Now I have problems how to go on. 现在我有问题如何继续。 I read a lot of articles and examples, but nothing really works for me. 我读了很多文章和示例，但对我来说真的没有用。 How can I find out how many clusters are good for me? 如何找出对我有好处的集群？

I already tried this: 我已经尝试过了：

dissimilarity = 1 - corloads
distance = as.dist(dissimilarity) 

plot(hclust(distance), main="Dissimilarity = 1 - Correlation", xlab="")

I got a plot, but its very messy and I dont know how to read it and how to go on. 我得到了一个情节，但是它非常混乱，我不知道该如何阅读以及如何进行。 It looks like this: 看起来像这样：

Any idea how to improve it? 知道如何改善吗？ And what can I actually get out of it? 我到底能从中得到什么呢？

I also wanted to create a Screeplot. 我还想创建一个Screeplot。 I read that there will be a curve where you can see how many clusters are correct. 我读到会有一条曲线，您可以在其中看到多少个正确的聚类。

I also performed a cluster analysis and choose 2-20 Clusters, but the results are so long, I have no idea how to handle it and what things are important to look on. 我还进行了聚类分析，并选择了2-20个聚类，但是结果是如此之长，我不知道如何处理以及看什么很重要。

Answer 1

To determine the "optimal number of clusters" several methods are available, despite it is a controversy theme. 为了确定“最佳簇数”，尽管有争议，但仍可以使用几种方法。

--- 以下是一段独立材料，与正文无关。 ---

(* Let $c$ be a non-negative integer, $r$ a positive integer, $G$ a multigraph, and $\mathcal{C}$ a cluster partition of $G$ of capacity at most $r$ such that $\delta(G/\mathcal{C})\ge 8c$. Define $w:V(G)\to\mathbb{R}_{\ge 0}$ by $w(v)=|\mathrm{ext}(C)|/|C|$ for $v\in C\in\mathcal{C}$. Then for every $c$-bond cover $X$ of $G$, \[\frac{1}{2r}\,|E(G/\mathcal{C})|\;\le\;\sum_{v\in X}w(v)\;\le\;2\,|E(G/\mathcal{C})|.\]
   Context: Graphs are finite multigraphs without loops; when contracting edges, multiplicities of parallel edges created are summed and loops are deleted; edge counts are with multiplicity. The edge-degree of a vertex is the number of incident edges; $\delta(H)$ is the minimum edge-degree of $H$. A cluster partition of $G$ is a collection $\mathcal{C}$ of pairwise disjoint nonempty vertex sets, each inducing a connected subgraph of $G$, whose union is $V(G)$; its capacity is the maximum size of a set in $\mathcal{C}$. $G/\mathcal{C}$ is the multigraph obtained from $G$ by contracting all edges inside each cluster. For $C\in\mathcal{C}$, $\mathrm{ext}(C)$ is the set of edges with exactly one endpoint in $C$. $\theta_c$ is the graph on two vertices joined by $c$ parallel edges; $X\subseteq V(G)$ is a $c$-bond cover of $G$ if $G-X$ has no $\theta_c$ minor. *)

theory Defs
  imports Complex_Main "HOL-Library.Disjoint_Sets"
begin

text \<open>A finite loopless multigraph: vertex set, set of edge identifiers, and for each
edge its set of two (distinct) endpoints. Parallel edges are distinct identifiers.\<close>

type_synonym ('a, 'e) mgraph = "'a set \<times> 'e set \<times> ('e \<Rightarrow> 'a set)"

definition verts :: "('a, 'e) mgraph \<Rightarrow> 'a set" where "verts G = fst G"
definition edges :: "('a, 'e) mgraph \<Rightarrow> 'e set" where "edges G = fst (snd G)"
definition ends :: "('a, 'e) mgraph \<Rightarrow> 'e \<Rightarrow> 'a set" where "ends G = snd (snd G)"
lemma invariant_subset_closure_SG_junctions:
  assumes "bounded K" "K \<subseteq> (\<Union>l\<in>{0,1,2}. SG_map p l ` K)"
  shows "K \<subseteq> closure (SG_junctions p)"
proof
  obtain D where "K \<subseteq> ball (p 0) D" using bounded_subset_ballD[OF assms(1)] by blast
  then have D: "norm (y - p 0) \<le> D" if "y \<in> K" for y
    using that by (auto simp: dist_norm norm_minus_commute less_imp_le)
  fix x assume "x \<in> K"
  show "x \<in> closure (SG_junctions p)"
    unfolding closure_approachable
  proof (intro allI impI)
    fix e :: real assume "0 < e"
    then obtain n where n: "D / 2^n < e" using ex_divide_pow2_less by blast
    obtain w y where w: "length w = n" "set w \<subseteq> {0,1,2}" "y \<in> K" "x = SG_word p w y"
      using invariant_SG_word_preimage[OF \<open>x \<in> K\<close> assms(2)] by blast
    have "dist (SG_word p w (p 0)) x = norm (y - p 0) / 2^n"
      using w SG_word_affine[of p w y] SG_word_affine[of p w "p 0"]
      by (simp add: dist_norm norm_divide norm_power norm_minus_commute diff_divide_distrib[symmetric])
    also have "\<dots> \<le> D / 2^n" using D[OF w(3)] by (simp add: divide_right_mono)
    also have "\<dots> < e" by (rule n)
    finally have "dist (SG_word p w (p 0)) x < e" .
    moreover have "SG_word p w (p 0) \<in> SG_junctions p"
      unfolding SG_junctions_iff using w(2) by (intro exI[of _ w] exI[of _ 0]) simp
    ultimately show "\<exists>y\<in>SG_junctions p. dist y x < e" by blast
  qed
qed
lemma cond_law_map_result:
  assumes "cond_law D E g Q" and "inj h"
  shows "cond_law D E (\<lambda>x. h (g x)) (map_pmf h Q)"
  unfolding cond_law_def
proof
  fix y
  show "measure_pmf.prob D {x. E x \<and> h (g x) = y} = pmf (map_pmf h Q) y * measure_pmf.prob D {x. E x}"
  proof (cases "y \<in> range h")
    case True
    then obtain y' where "y = h y'" by blast
    then show ?thesis using assms by (simp add: pmf_map_inj' inj_eq cond_law_def)
  next
    case False
    then have "{x. E x \<and> h (g x) = y} = {}" and "pmf (map_pmf h Q) y = 0"
      by (auto simp: pmf_eq_0_set_pmf)
    then show ?thesis by (simp only:) simp
  qed
qed

lemma cond_law_the_Some:
  assumes "cond_law D E g (map_pmf Some Q)"
  shows "\<forall>x \<in> set_pmf D. E x \<longrightarrow> g x \<noteq> None"
    and "cond_law D E (\<lambda>x. the (g x)) Q"
proof -
  have "pmf (map_pmf Some Q) None = 0"
    by (auto simp: pmf_eq_0_set_pmf)
  then have "measure_pmf.prob D {x. E x \<and> g x = None} = 0"
    using assms by (simp add: cond_law_def)
  then show notNone: "\<forall>x \<in> set_pmf D. E x \<longrightarrow> g x \<noteq> None"
    by (auto simp: measure_pmf_zero_iff)
  have "measure_pmf.prob D {x. E x \<and> the (g x) = y} = measure_pmf.prob D {x. E x \<and> g x = Some y}" for y
    by (rule measure_pmf_prob_cong) (use notNone in auto)
  then show "cond_law D E (\<lambda>x. the (g x)) Q"
    using assms by (simp add: cond_law_def pmf_map_inj')
qed

lemma cond_law_pmf_of_setI:
  assumes "finite S" and "S \<noteq> {}"
    and "\<And>x. x \<in> set_pmf D \<Longrightarrow> E x \<Longrightarrow> g x \<in> S"
    and "\<And>y. y \<in> S \<Longrightarrow> measure_pmf.prob D {x. E x \<and> g x = y} = e"
  shows "cond_law D E g (pmf_of_set S)"
proof -
  have "measure_pmf.prob D {x. E x} = measure_pmf.prob D (\<Union>y\<in>S. {x. E x \<and> g x = y})"
    by (rule measure_pmf_prob_cong) (use assms(3) in auto)
  also have "\<dots> = (\<Sum>y\<in>S. measure_pmf.prob D {x. E x \<and> g x = y})"
    by (rule measure_pmf.finite_measure_finite_Union) (auto simp: assms(1) disjoint_family_on_def)
  also have "\<dots> = card S * e"
    using assms(4) by simp
  finally have PE: "measure_pmf.prob D {x. E x} = card S * e" .
  show ?thesis
    unfolding cond_law_def
  proof
    fix y
    show "measure_pmf.prob D {x. E x \<and> g x = y} = pmf (pmf_of_set S) y * measure_pmf.prob D {x. E x}"
    proof (cases "y \<in> S")
      case True
      then show ?thesis using assms PE by (simp add: card_gt_0_iff)
    next
      case False
      then have "measure_pmf.prob D {x. E x \<and> g x = y} = 0"
        using assms(3) by (auto simp: measure_pmf_zero_iff)
      then show ?thesis using False assms(1,2) by simp
    qed
  qed
qed

lemma measure_pmf_prob_cond_pmf:
  assumes "set_pmf D \<inter> A \<noteq> {}"
  shows "measure_pmf.prob (cond_pmf D A) B = measure_pmf.prob D (B \<inter> A) / measure_pmf.prob D A"
proof -
  have "ennreal (measure_pmf.prob (cond_pmf D A) B) = emeasure (measure_pmf (cond_pmf D A)) B"
    by (simp add: measure_pmf.emeasure_eq_measure)
  also have "\<dots> = emeasure (uniform_measure (measure_pmf D) A) B"
    by (simp add: cond_pmf.rep_eq[OF assms])
  also have "\<dots> = emeasure D (B \<inter> A) / emeasure D A"
    by (simp add: emeasure_uniform_measure Int_commute)
  also have "\<dots> = ennreal (measure_pmf.prob D (B \<inter> A) / measure_pmf.prob D A)"
    using measure_measure_pmf_not_zero[OF assms]
    by (simp add: measure_pmf.emeasure_eq_measure divide_ennreal measure_nonneg zero_less_measure_iff)
  finally show ?thesis by (simp add: ennreal_inj)
qed

lemma cond_law_imp_map_cond_pmf:
  assumes "cond_law D E g Q" and "x0 \<in> set_pmf D" and "E x0"
  shows "map_pmf g (cond_pmf D {x. E x}) = Q"
proof (rule pmf_eqI)
  fix y
  have ne: "set_pmf D \<inter> {x. E x} \<noteq> {}" using assms by auto
  have pos: "measure_pmf.prob D {x. E x} > 0" using assms measure_pmf_posI by fastforce
  have "pmf (map_pmf g (cond_pmf D {x. E x})) y = measure_pmf.prob (cond_pmf D {x. E x}) (g -` {y})"
    by (simp add: pmf_map)
  also have "\<dots> = measure_pmf.prob D {x. E x \<and> g x = y} / measure_pmf.prob D {x. E x}"
    unfolding measure_pmf_prob_cond_pmf[OF ne] by (simp add: vimage_def Collect_conj_eq Int_commute)
  also have "\<dots> = pmf Q y" using assms(1) pos unfolding cond_law_def by simp
  finally show "pmf (map_pmf g (cond_pmf D {x. E x})) y = pmf Q y" .
qed

section \<open>Context tokens\<close>

definition distinct_lists :: "'a set \<Rightarrow> nat \<Rightarrow> 'a list set" where
  "distinct_lists A l = {xs. distinct xs \<and> set xs \<subseteq> A \<and> length xs = l}"

lemma finite_distinct_lists: "finite A \<Longrightarrow> finite (distinct_lists A l)"
  unfolding distinct_lists_def
  by (rule finite_subset[OF _ finite_lists_length_eq[of A l]]) auto

lemma card_distinct_lists:
  assumes "finite A" and "l \<le> card A"
  shows "real (card (distinct_lists A l)) = fact (card A) / fact (card A - l)"
proof -
  have "card (distinct_lists A l) = \<Prod>{card A - l + 1 .. card A}"
    using card_lists_distinct_length_eq[OF assms] unfolding distinct_lists_def
    by (simp add: conj_commute conj_left_commute)
  moreover have "(fact (card A) :: nat) = fact (card A - l) * \<Prod>{card A - l + 1 .. card A}"
    using fact_eq_fact_times[of "card A - l" "card A"] assms(2) by simp
  then have "(fact (card A) :: real) = fact (card A - l) * real (\<Prod>{card A - l + 1 .. card A})"
    by (metis of_nat_fact of_nat_mult)
  ultimately show ?thesis
    by (simp add: field_simps)
qed

lemma distinct_lists_nonempty:
  assumes "finite A" and "l \<le> card A"
  shows "distinct_lists A l \<noteq> {}"
proof -
  obtain xs where "set xs = A" "distinct xs" using finite_distinct_list[OF assms(1)] by blast
  then have "take l xs \<in> distinct_lists A l"
    using assms by (auto simp: distinct_lists_def distinct_card dest: in_set_takeD)
  then show ?thesis by blast
qed

lemma distinct_lists_with_prefix:
  assumes "p \<in> distinct_lists A a" and "a \<le> l"
  shows "{xs \<in> distinct_lists A l. take a xs = p} = (\<lambda>ys. p @ ys) ` distinct_lists (A - set p) (l - a)"
proof (intro equalityI subsetI)
  fix xs assume "xs \<in> {xs \<in> distinct_lists A l. take a xs = p}"
  then have xs: "distinct xs" "set xs \<subseteq> A" "length xs = l" "take a xs = p"
    by (auto simp: distinct_lists_def)
  then have "set p \<inter> set (drop a xs) = {}"
    by (metis append_take_drop_id disjoint_iff distinct_append)
  then have "drop a xs \<in> distinct_lists (A - set p) (l - a)"
    using xs by (auto simp: distinct_lists_def dest: in_set_dropD)
  moreover have "xs = p @ drop a xs" using xs(4) by (metis append_take_drop_id)
  ultimately show "xs \<in> (\<lambda>ys. p @ ys) ` distinct_lists (A - set p) (l - a)" by blast
qed (use assms in \<open>auto simp: distinct_lists_def\<close>)

lemma prob_uniform_distinct_lists_prefix:
  assumes "finite A" and "p \<in> distinct_lists A a" and "a \<le> l" and "l \<le> card A"
  shows "measure_pmf.prob (pmf_of_set (distinct_lists A l)) {xs. take a xs = p}
           = fact (card A - a) / fact (card A)"
proof -
  have "card (set p) = a" "set p \<subseteq> A"
    using assms(2) by (auto simp: distinct_lists_def distinct_card)
  then have cA: "card (A - set p) = card A - a"
    using assms(1) by (simp add: card_Diff_subset finite_subset)
  have "card {xs \<in> distinct_lists A l. take a xs = p} = card (distinct_lists (A - set p) (l - a))"
    unfolding distinct_lists_with_prefix[OF assms(2,3)] by (simp add: card_image inj_on_def)
  then have "measure_pmf.prob (pmf_of_set (distinct_lists A l)) {xs. take a xs = p}
        = real (card (distinct_lists (A - set p) (l - a))) / real (card (distinct_lists A l))"
    using distinct_lists_nonempty[OF assms(1,4)] finite_distinct_lists[OF assms(1)]
    by (simp add: measure_pmf_of_set Int_def)
  also have "\<dots> = (fact (card A - a) / fact (card A - l)) / (fact (card A) / fact (card A - l))"
    using assms cA by (simp add: card_distinct_lists)
  also have "\<dots> = fact (card A - a) / fact (card A)"
    by (simp add: field_simps)
  finally show ?thesis .
qed

lemma ctx_pmf_eq_bind:
  "ctx_pmf CONT v = bind_pmf (pmf_of_set {1..card (CONT v)}) (\<lambda>l. pmf_of_set (distinct_lists (CONT v) l))"
  unfolding ctx_pmf_def distinct_lists_def ..

lemma set_ctx_pmf:
  assumes "finite (CONT v)" and "CONT v \<noteq> {}"
  shows "set_pmf (ctx_pmf CONT v) = (\<Union>l\<in>{1..card (CONT v)}. distinct_lists (CONT v) l)"
proof -
  have "{1..card (CONT v)} \<noteq> {}" using assms by (simp add: card_gt_0_iff Suc_le_eq)
  then show ?thesis
    using assms unfolding ctx_pmf_eq_bind
    by (simp add: set_pmf_of_set finite_distinct_lists distinct_lists_nonempty)
qed

lemma prob_ctx_pmf:
  assumes "finite (CONT v)" and "CONT v \<noteq> {}"
  shows "measure_pmf.prob (ctx_pmf CONT v) X
    = (\<Sum>l\<in>{1..card (CONT v)}. measure_pmf.prob (pmf_of_set (distinct_lists (CONT v) l)) X) / card (CONT v)"
proof -
  have "{1..card (CONT v)} \<noteq> {}" using assms by (simp add: card_gt_0_iff Suc_le_eq)
  then show ?thesis unfolding ctx_pmf_eq_bind measure_pmf_prob_bind
    by (simp add: integral_pmf_of_set)
qed

lemma set_pmf_uniform_distinct_lists:
  "finite A \<Longrightarrow> l \<le> card A \<Longrightarrow> set_pmf (pmf_of_set (distinct_lists A l)) = distinct_lists A l"
  by (simp add: finite_distinct_lists distinct_lists_nonempty)

lemma prob_ctx_pmf_prefix:
  assumes "finite (CONT v)" and "q \<in> distinct_lists (CONT v) b" and "1 \<le> b"
  shows "measure_pmf.prob (ctx_pmf CONT v) {cs. take b cs = q}
           = (card (CONT v) + 1 - b) * (fact (card (CONT v) - b) / fact (card (CONT v))) / card (CONT v)"
proof -
  define n where "n = card (CONT v)"
  have "b \<le> n" "CONT v \<noteq> {}"
    using assms(2,3) by (auto simp: n_def distinct_lists_def distinct_card[symmetric] card_mono[OF assms(1)])
  have "measure_pmf.prob (pmf_of_set (distinct_lists (CONT v) l)) {cs. take b cs = q}
          = (if b \<le> l then fact (n - b) / fact n else 0)" if "l \<in> {1..n}" for l
  proof (cases "b \<le> l")
    case True
    then show ?thesis
      using prob_uniform_distinct_lists_prefix[OF assms(1,2)] that by (simp add: n_def)
  next
    case False
    then have "set_pmf (pmf_of_set (distinct_lists (CONT v) l)) \<inter> {cs. take b cs = q} = {}"
      using that assms(2) set_pmf_uniform_distinct_lists[OF assms(1), of l]
      by (auto simp: n_def distinct_lists_def)
    then show ?thesis using False by (simp add: measure_pmf_zero_iff)
  qed
  then have "(\<Sum>l\<in>{1..n}. measure_pmf.prob (pmf_of_set (distinct_lists (CONT v) l)) {cs. take b cs = q})
        = (\<Sum>l\<in>{1..n}. if b \<le> l then fact (n - b) / fact n else 0)"
    by simp
  also have "\<dots> = (\<Sum>l\<in>{l \<in> {1..n}. b \<le> l}. fact (n - b) / fact n)"
    by (rule sum.inter_filter[symmetric]) simp
  also have "{l \<in> {1..n}. b \<le> l} = {b..n}"
    using assms(3) by auto
  finally show ?thesis
    using assms(3) prob_ctx_pmf[of CONT v, OF assms(1) \<open>CONT v \<noteq> {}\<close>] by (simp add: n_def of_nat_diff)
qed

lemma prob_ctx_pmf_singleton:
  assumes "finite (CONT v)" and "p \<in> distinct_lists (CONT v) a" and "1 \<le> a"
  shows "measure_pmf.prob (ctx_pmf CONT v) {p} = fact (card (CONT v) - a) / fact (card (CONT v)) / card (CONT v)"
proof -
  define n where "n = card (CONT v)"
  have "a \<le> n" "CONT v \<noteq> {}"
    using assms(2,3) by (auto simp: n_def distinct_lists_def distinct_card[symmetric] card_mono[OF assms(1)])
  have "measure_pmf.prob (pmf_of_set (distinct_lists (CONT v) l)) {p}
          = (if l = a then fact (n - a) / fact n else 0)" if "l \<in> {1..n}" for l
  proof (cases "l = a")
    case True
    have "measure_pmf.prob (pmf_of_set (distinct_lists (CONT v) a)) {p}
        = measure_pmf.prob (pmf_of_set (distinct_lists (CONT v) a)) {cs. take a cs = p}"
      using assms(2) set_pmf_uniform_distinct_lists[OF assms(1), of a] \<open>a \<le> n\<close>
      by (intro measure_pmf_prob_cong) (auto simp: n_def distinct_lists_def)
    then show ?thesis
      using True prob_uniform_distinct_lists_prefix[OF assms(1,2)] \<open>a \<le> n\<close> by (simp add: n_def)
  next
    case False
    then show ?thesis
      using that assms(2) set_pmf_uniform_distinct_lists[OF assms(1), of l]
      by (auto simp: n_def distinct_lists_def measure_pmf_zero_iff)
  qed
  then show ?thesis
    using assms(3) \<open>a \<le> n\<close> prob_ctx_pmf[of CONT v, OF assms(1) \<open>CONT v \<noteq> {}\<close>] by (simp add: n_def)
qed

The kgs is helpful to get the optimal number of clusters. kgs有助于获得最佳的群集数量。

Following your code one would do: 按照您的代码可以：

clus <- hclust(distance)
op_k <- kgs(clus, distance, maxclus = 20)
plot (names (op_k), op_k, xlab="# clusters", ylab="penalty")

So the optimal number of clusters according to the kgs function is the minimum value of op_k , as you can see in the plot. 因此，根据kgs函数，最佳簇数是op_k的最小值，如您在图中所见。 You can get it with 你可以用它

min(op_k)

Note that I set the maximum number of clusters allowed to 20. You can set this argument to NULL . 请注意，我将允许的最大群集数设置为20。您可以将此参数设置为NULL 。

Check this page for more methods. 检查此页面以了解更多方法。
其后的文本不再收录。